lemma feasible_block_schedule:
  assumes valid: "valid_instance n t p" and nonneg: "\<forall>j<n. 0 \<le> st j"
    and disjoint: "\<forall>j<n. \<forall>j'<n. j \<noteq> j' \<longrightarrow>
                      st j + t j + p j \<le> st j' \<or> st j' + t j' + p j' \<le> st j"
  shows "feasible_schedule n t p (block_schedule st t)"
proof -
  let ?S = "block_schedule st t"
  have in_block: "st (job a) \<le> ?S a \<and> ?S a + dur t p a \<le> st (job a) + t (job a) + p (job a)"
    if "a \<in> ops n" for a
    using that valid unfolding ops_def valid_instance_def by (auto simp: block_schedule_def)
  have job_less: "job a < n" if "a \<in> ops n" for a
    using that unfolding ops_def by auto
  have "?S a + dur t p a \<le> ?S b \<or> ?S b + dur t p b \<le> ?S a"
    if "a \<in> ops n" "b \<in> ops n" "a \<noteq> b" for a b
  proof (cases "job a = job b")
    case True
    with \<open>a \<noteq> b\<close> obtain j where "a = Test j \<and> b = Proc j \<or> a = Proc j \<and> b = Test j"
      by (cases a; cases b) auto
    then show ?thesis by (auto simp: block_schedule_def)
  next
    case False
    then have "st (job a) + t (job a) + p (job a) \<le> st (job b) \<or>
               st (job b) + t (job b) + p (job b) \<le> st (job a)"
      using disjoint job_less that by blast
    then show ?thesis
      using in_block[OF that(1)] in_block[OF that(2)] by linarith
  qed
  moreover have "0 \<le> ?S a" if "a \<in> ops n" for a
    using that nonneg valid unfolding ops_def valid_instance_def
    by (auto simp: block_schedule_def)
  ultimately show ?thesis
    unfolding feasible_schedule_def by (auto simp: block_schedule_def)
qed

_____

(TASK ITEM) Output only the lines from the one that contains "t p (block_schedule" through the last line of the data above, each restated exactly.

(OUTPUT FOR THIS EXERCISE)
  shows "feasible_schedule n t p (block_schedule st t)"
proof -
  let ?S = "block_schedule st t"
  have in_block: "st (job a) \<le> ?S a \<and> ?S a + dur t p a \<le> st (job a) + t (job a) + p (job a)"
    if "a \<in> ops n" for a
    using that valid unfolding ops_def valid_instance_def by (auto simp: block_schedule_def)
  have job_less: "job a < n" if "a \<in> ops n" for a
    using that unfolding ops_def by auto
  have "?S a + dur t p a \<le> ?S b \<or> ?S b + dur t p b \<le> ?S a"
    if "a \<in> ops n" "b \<in> ops n" "a \<noteq> b" for a b
  proof (cases "job a = job b")
    case True
    with \<open>a \<noteq> b\<close> obtain j where "a = Test j \<and> b = Proc j \<or> a = Proc j \<and> b = Test j"
      by (cases a; cases b) auto
    then show ?thesis by (auto simp: block_schedule_def)
  next
    case False
    then have "st (job a) + t (job a) + p (job a) \<le> st (job b) \<or>
               st (job b) + t (job b) + p (job b) \<le> st (job a)"
      using disjoint job_less that by blast
    then show ?thesis
      using in_block[OF that(1)] in_block[OF that(2)] by linarith
  qed
  moreover have "0 \<le> ?S a" if "a \<in> ops n" for a
    using that nonneg valid unfolding ops_def valid_instance_def
    by (auto simp: block_schedule_def)
  ultimately show ?thesis
    unfolding feasible_schedule_def by (auto simp: block_schedule_def)
qed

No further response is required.